Task brief
Each line from the one containing "m \<Longrightarrow> C" to the end of the records should be copied exactly, and no other line.

Source data

(* In the ladder model, the density $\rho_\infty$ of the stationary distribution of $(\Delta_n)_{n\ge0}$ satisfies $$\rho_\infty''(d)=-\bigl[2+e^{d}\bigr]\rho_\infty(d)+3\rho_\infty'(d)\quad (d<0),$$ $$\rho_\infty''(d)=-\bigl[2+e^{-d}\bigr]\rho_\infty(d)-3\rho_\infty'(d)\quad (d\ge0).$$
   Context: Ladder model $\mathcal{G}^{\{\mathcal{X},\mathcal{Y},\mathcal{Z}\}}$: for $n\ge0$, $G_n$ has vertex set $\{0,\dots,n\}\times\{0,1\}$ and edges: for $1\le i\le n$, an edge with weight $X_i$ joining $(i-1,0)$ and $(i,0)$, an edge with weight $Y_i$ joining $(i-1,1)$ and $(i,1)$; for $0\le i\le n$, an edge with weight $Z_i$ joining $(i,0)$ and $(i,1)$. All weights are independent standard exponential random variables. Path weight = sum of edge weights. $l_n$ ($l_n'$) is the minimal weight of a path in $G_n$ from $(0,0)$ to $(n,0)$ (to $(n,1)$), and $\Delta_n=l_n'-l_n$; $(\Delta_n)$ is an ergodic Markov chain given by $\Delta_0$ standard exponential and $\Delta_n=\min\{\Delta_{n-1}+Y_n,X_n+Z_n\}-\min\{X_n,\Delta_{n-1}+Y_n+Z_n\}$, and $\rho_\infty$ is the density of its unique stationary distribution. *)

theory Defs
  imports "HOL-Probability.Probability"
begin

definition ladder_step :: "real \<Rightarrow> real \<Rightarrow> real \<Rightarrow> real \<Rightarrow> real" where
  "ladder_step d x y z = min (d + y) (x + z) - min x (d + y + z)"

definition Exp1 :: "real measure" where
  "Exp1 = density lborel (exponential_density 1)"

definition ladder_stationary :: "real measure \<Rightarrow> bool" where
  "ladder_stationary M \<longleftrightarrow> prob_space M \<and> sets M = sets borel \<and>
     distr (M \<Otimes>\<^sub>M (Exp1 \<Otimes>\<^sub>M (Exp1 \<Otimes>\<^sub>M Exp1))) borel
       (\<lambda>(d, x, y, z). ladder_step d x y z) = M"

definition ladder_stationary_density :: "(real \<Rightarrow> real) \<Rightarrow> bool" where
  "ladder_stationary_density \<rho> \<longleftrightarrow> \<rho> \<in> borel_measurable lborel \<and> (\<forall>x. 0 \<le> \<rho> x) \<and>
     ladder_stationary (density lborel (\<lambda>x. ennreal (\<rho> x)))"

end

theory Submission
  imports Defs
begin

(*
  Conditionally on Delta_{n-1} = d, the next state is obtained by clamping
  w = d + Y - X to the interval [-Z, Z].  Since Y - X has the Laplace density e^{-|w|}/2,
  the one-step transition law from d has an explicit Lebesgue density k(d, t)
  ("step_kernel").  Stationarity of a density rho therefore says rho(t) = rho0(t) for almost
  every t, where rho0(t) = \<integral> rho(d) k(d,t) dd.  For t >= 0 one computes
    rho0(t) = e^{-2t} \<integral>_{s<=t} rho(s) e^s ds + e^{-t} \<integral>_{s>t} rho(s) ds,
  and symmetrically for t < 0.  The integrands may be replaced by rho0 (they agree a.e.),
  which makes rho0 continuous; the fundamental theorem of calculus then differentiates
  rho0 twice, and the ODE is an algebraic identity between the resulting expressions.
*)


section \<open>Exponential and Laplace integrals\<close>

definition exp_dens :: "real \<Rightarrow> ennreal" where
  "exp_dens z = ennreal (exp (-z)) * indicator {0..} z"

lemma exp_dens_measurable[measurable]: "exp_dens \<in> borel_measurable borel"
  unfolding exp_dens_def by measurable

lemma nn_integral_exp_tail:
  assumes "a > 0"
  shows "(\<integral>\<^sup>+x. ennreal (exp (-a*x)) * indicator {c..} x \<partial>lborel) = ennreal (exp (-a*c)/a)"
proof -
  have "integral\<^sup>N lborel (\<lambda>x. indicator {c..} x * exp (-a*x)) = exp (-a*c)/a"
    by (rule nn_integral_has_integral_lebesgue)
       (use has_integral_exp_minus_to_infinity[OF assms, of c] in auto)
  then show ?thesis
    by (simp add: mult.commute ennreal_mult' ennreal_indicator)
qed

lemma nn_integral_exp1_tail:
  "(\<integral>\<^sup>+x. ennreal (exp (-x)) * indicator {c..} x \<partial>lborel) = ennreal (exp (-c))"
  using nn_integral_exp_tail[of 1 c] by simp

text \<open>Density of the Laplace distribution, the law of the difference of two independent
  standard exponential variables.\<close>
definition laplace_dens :: "real \<Rightarrow> real" where
  "laplace_dens u = exp (-\<bar>u\<bar>) / 2"

lemma laplace_dens_measurable[measurable]: "laplace_dens \<in> borel_measurable borel"
  unfolding laplace_dens_def by measurable

lemma laplace_convolution:
  "(\<integral>\<^sup>+x. exp_dens x * exp_dens (u + x) \<partial>lborel) = ennreal (laplace_dens u)"
proof -
  define c where "c = max 0 (-u)"
  have "(\<integral>\<^sup>+x. exp_dens x * exp_dens (u + x) \<partial>lborel) =
        (\<integral>\<^sup>+x. ennreal (exp (-2*x)) * indicator {c..} x * ennreal (exp (-u)) \<partial>lborel)"
    by (rule nn_integral_cong)
       (auto simp: exp_dens_def c_def indicator_def ennreal_mult'[symmetric]
                   exp_add[symmetric] algebra_simps)
  also have "\<dots> = (\<integral>\<^sup>+x. ennreal (exp (-2*x)) * indicator {c..} x \<partial>lborel) * ennreal (exp (-u))"
    by (rule nn_integral_multc) auto
  also have "\<dots> = ennreal (exp (-2*c)/2 * exp (-u))"
    using nn_integral_exp_tail[of 2 c] by (simp add: ennreal_mult'[symmetric])
  also have "exp (-2*c)/2 * exp (-u) = laplace_dens u"
    by (auto simp: c_def laplace_dens_def max_def abs_if mult_exp_exp[symmetric])
       (simp add: exp_add[symmetric] algebra_simps)?
  finally show ?thesis .
qed

lemma exp_difference_integral:
  assumes [measurable]: "F \<in> borel_measurable borel"
  shows "(\<integral>\<^sup>+x. exp_dens x * (\<integral>\<^sup>+y. exp_dens y * F (d + y - x) \<partial>lborel) \<partial>lborel) =
         (\<integral>\<^sup>+w. ennreal (laplace_dens (w - d)) * F w \<partial>lborel)"
proof -
  have shift: "(\<integral>\<^sup>+y. exp_dens y * F (d + y - x) \<partial>lborel) =
      (\<integral>\<^sup>+w. exp_dens (w - d + x) * F w \<partial>lborel)" for x
    using nn_integral_real_affine[of "\<lambda>w. exp_dens (w - d + x) * F w" 1 "d - x"]
    by (simp add: algebra_simps)
  have "(\<integral>\<^sup>+x. exp_dens x * (\<integral>\<^sup>+y. exp_dens y * F (d + y - x) \<partial>lborel) \<partial>lborel) =
        (\<integral>\<^sup>+x. (\<integral>\<^sup>+w. exp_dens x * (exp_dens (w - d + x) * F w) \<partial>lborel) \<partial>lborel)"
    unfolding shift by (rule nn_integral_cong) (rule nn_integral_cmult[symmetric], measurable)
  also have "\<dots> = (\<integral>\<^sup>+w. (\<integral>\<^sup>+x. exp_dens x * (exp_dens (w - d + x) * F w) \<partial>lborel) \<partial>lborel)"
    by (rule lborel_pair.Fubini'[symmetric]) measurable
  also have "\<dots> = (\<integral>\<^sup>+w. (\<integral>\<^sup>+x. exp_dens x * exp_dens ((w - d) + x) \<partial>lborel) * F w \<partial>lborel)"
    by (rule nn_integral_cong, subst nn_integral_multc[symmetric]) (auto simp: mult.assoc)
  also have "\<dots> = (\<integral>\<^sup>+w. ennreal (laplace_dens (w - d)) * F w \<partial>lborel)"
    by (simp add: laplace_convolution)
  finally show ?thesis .
qed

definition laplace_tail :: "real \<Rightarrow> real" where
  "laplace_tail u = (if u \<ge> 0 then exp (-u)/2 else 1 - exp u/2)"

definition laplace_cdf :: "real \<Rightarrow> real" where
  "laplace_cdf u = laplace_tail (- u)"

lemma laplace_tail_nonneg: "0 \<le> laplace_tail u"
  unfolding laplace_tail_def using exp_le_one_iff[of u] by (auto, linarith)

lemma laplace_tail_measurable[measurable]: "laplace_tail \<in> borel_measurable borel"
  unfolding laplace_tail_def by measurable

lemma laplace_cdf_measurable[measurable]: "laplace_cdf \<in> borel_measurable borel"
  unfolding laplace_cdf_def by measurable

lemma ennreal_half: "0 \<le> a \<Longrightarrow> ennreal (a/2) = ennreal a * ennreal (1/2)"
  by (subst ennreal_mult[symmetric]) auto

lemma laplace_upper_nonneg:
  assumes "u \<ge> 0"
  shows "(\<integral>\<^sup>+v. ennreal (laplace_dens v) * indicator {u<..} v \<partial>lborel) = ennreal (exp (-u)/2)"
proof -
  have "(\<integral>\<^sup>+v. ennreal (laplace_dens v) * indicator {u<..} v \<partial>lborel) =
        (\<integral>\<^sup>+v. ennreal (exp (-v)) * indicator {u..} v * ennreal (1/2) \<partial>lborel)"
    using AE_lborel_singleton[of u]
    by (intro nn_integral_cong_AE, eventually_elim)
       (use assms in \<open>auto simp: laplace_dens_def indicator_def ennreal_half\<close>)
  also have "\<dots> = ennreal (exp (-u)) * ennreal (1/2)"
    by (subst nn_integral_multc) (auto simp: nn_integral_exp1_tail)
  finally show ?thesis using ennreal_half[of "exp (-u)"] by simp
qed

text \<open>The Laplace law is symmetric.\<close>
lemma laplace_lower_reflect:
  "(\<integral>\<^sup>+v. ennreal (laplace_dens v) * indicator {..u} v \<partial>lborel) =
   (\<integral>\<^sup>+v. ennreal (laplace_dens v) * indicator {-u<..} v \<partial>lborel)"
proof -
  have "(\<integral>\<^sup>+v. ennreal (laplace_dens v) * indicator {..u} v \<partial>lborel) =
        (\<integral>\<^sup>+v. ennreal (laplace_dens (0 + (-1) * v)) * indicator {..u} (0 + (-1) * v) \<partial>lborel)"
    using nn_integral_real_affine[of "\<lambda>v. ennreal (laplace_dens v) * indicator {..u} v" "-1" 0]
    by simp
  also have "\<dots> = (\<integral>\<^sup>+v. ennreal (laplace_dens v) * indicator {-u<..} v \<partial>lborel)"
    using AE_lborel_singleton[of "-u"]
    by (intro nn_integral_cong_AE, eventually_elim) (auto simp: laplace_dens_def indicator_def)
  finally show ?thesis .
qed
text \<open>A total preorder on \<open>R \<union> {e}\<close> that is already realised on \<open>R\<close> by the values \<open>v\<close> can be
  realised on all of \<open>R \<union> {e}\<close> by giving \<open>e\<close> a suitable value \<open>t\<close>; \<open>lower m\<close> and \<open>upper m\<close>
  stand for \<open>m \<preceq> e\<close> and \<open>e \<preceq> m\<close>.\<close>
lemma finite_cut_realisable:
  fixes v :: "'b \<Rightarrow> real" and lower upper :: "'b \<Rightarrow> bool"
  assumes "finite R"
    and total: "\<And>m. m \<in> R \<Longrightarrow> lower m \<or> upper m"
    and lower_down: "\<And>m m'. m \<in> R \<Longrightarrow> m' \<in> R \<Longrightarrow> lower m \<Longrightarrow> v m' \<le> v m \<Longrightarrow> lower m'"
    and upper_up: "\<And>m m'. m \<in> R \<Longrightarrow> m' \<in> R \<Longrightarrow> upper m \<Longrightarrow> v m \<le> v m' \<Longrightarrow> upper m'"
    and lower_upper: "\<And>m m'. m \<in> R \<Longrightarrow> m' \<in> R \<Longrightarrow> lower m \<Longrightarrow> upper m' \<Longrightarrow> v m \<le> v m'"
  shows "\<exists>t. \<forall>m\<in>R. (lower m \<longleftrightarrow> v m \<le> t) \<and> (upper m \<longleftrightarrow> t \<le> v m)"
proof (cases "\<exists>m0\<in>R. lower m0 \<and> upper m0")
  case True
  then obtain m0 where m0: "m0 \<in> R" "lower m0" "upper m0" by blast
  have "(lower m \<longleftrightarrow> v m \<le> v m0) \<and> (upper m \<longleftrightarrow> v m0 \<le> v m)" if m: "m \<in> R" for m
    using lower_down[OF m0(1) m m0(2)] upper_up[OF m0(1) m m0(3)]
      lower_upper[OF m m0(1) _ m0(3)] lower_upper[OF m0(1) m m0(2)] by blast
  then show ?thesis by blast
next
  case False
  let ?L = "v ` {m\<in>R. lower m}" and ?U = "v ` {m\<in>R. \<not> lower m}"
  have "v m < v m'" if "m \<in> R" "lower m" "m' \<in> R" "\<not> lower m'" for m m'
  proof -
    have "v m \<le> v m'" using lower_upper[OF that(1,3,2)] total[OF that(3)] that(4) by blast
    moreover have "v m \<noteq> v m'" using lower_down[OF that(1,3,2)] that(4) by force
    ultimately show ?thesis by simp
  qed
  then have "a < b" if "a \<in> ?L" "b \<in> ?U" for a b using that by blast
  then obtain t where t: "\<forall>a\<in>?L. a < t" "\<forall>b\<in>?U. t < b"
    using finite_real_sets_separated[of ?L ?U] \<open>finite R\<close> by auto
  have "(lower m \<longleftrightarrow> v m \<le> t) \<and> (upper m \<longleftrightarrow> t \<le> v m)" if m: "m \<in> R" for m
  proof (cases "lower m")
    case True
    then have "v m < t" "\<not> upper m" using t(1) m False by auto
    then show ?thesis using True by simp
  next
    case False
    then have "t < v m" "upper m" using t(2) m total by auto
    then show ?thesis using False by simp
  qed
  then show ?thesis by blast
qed

locale total_cone =
  fixes C :: "('a \<Rightarrow> real) \<Rightarrow> bool"
  assumes add: "C l \<Longrightarrow> C m \<Longrightarrow> C (\<lambda>a. l a + m a)"
    and scale: "0 \<le> c \<Longrightarrow> C l \<Longrightarrow> C (\<lambda>a. c * l a)"
    and total: "C l \<or> C (\<lambda>a. - l a)"
begin

lemma add_pointwise: "C l \<Longrightarrow> C m \<Longrightarrow> (\<And>a. k a = l a + m a) \<Longrightarrow> C k"
  using add[of l m] by (metis ext)

lemma total_pointwise: "\<not> C l \<Longrightarrow> (\<And>a. k a = - l a) \<Longrightarrow> C k"
  using total[of l] by (metis ext)

lemma zero: "C (\<lambda>a. 0)"
  using total_pointwise[of "\<lambda>a. 0" "\<lambda>a. 0"] by auto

Exercise response
  assumes add: "C l \<Longrightarrow> C m \<Longrightarrow> C (\<lambda>a. l a + m a)"
    and scale: "0 \<le> c \<Longrightarrow> C l \<Longrightarrow> C (\<lambda>a. c * l a)"
    and total: "C l \<or> C (\<lambda>a. - l a)"
begin

lemma add_pointwise: "C l \<Longrightarrow> C m \<Longrightarrow> (\<And>a. k a = l a + m a) \<Longrightarrow> C k"
  using add[of l m] by (metis ext)

lemma total_pointwise: "\<not> C l \<Longrightarrow> (\<And>a. k a = - l a) \<Longrightarrow> C k"
  using total[of l] by (metis ext)

lemma zero: "C (\<lambda>a. 0)"
  using total_pointwise[of "\<lambda>a. 0" "\<lambda>a. 0"] by auto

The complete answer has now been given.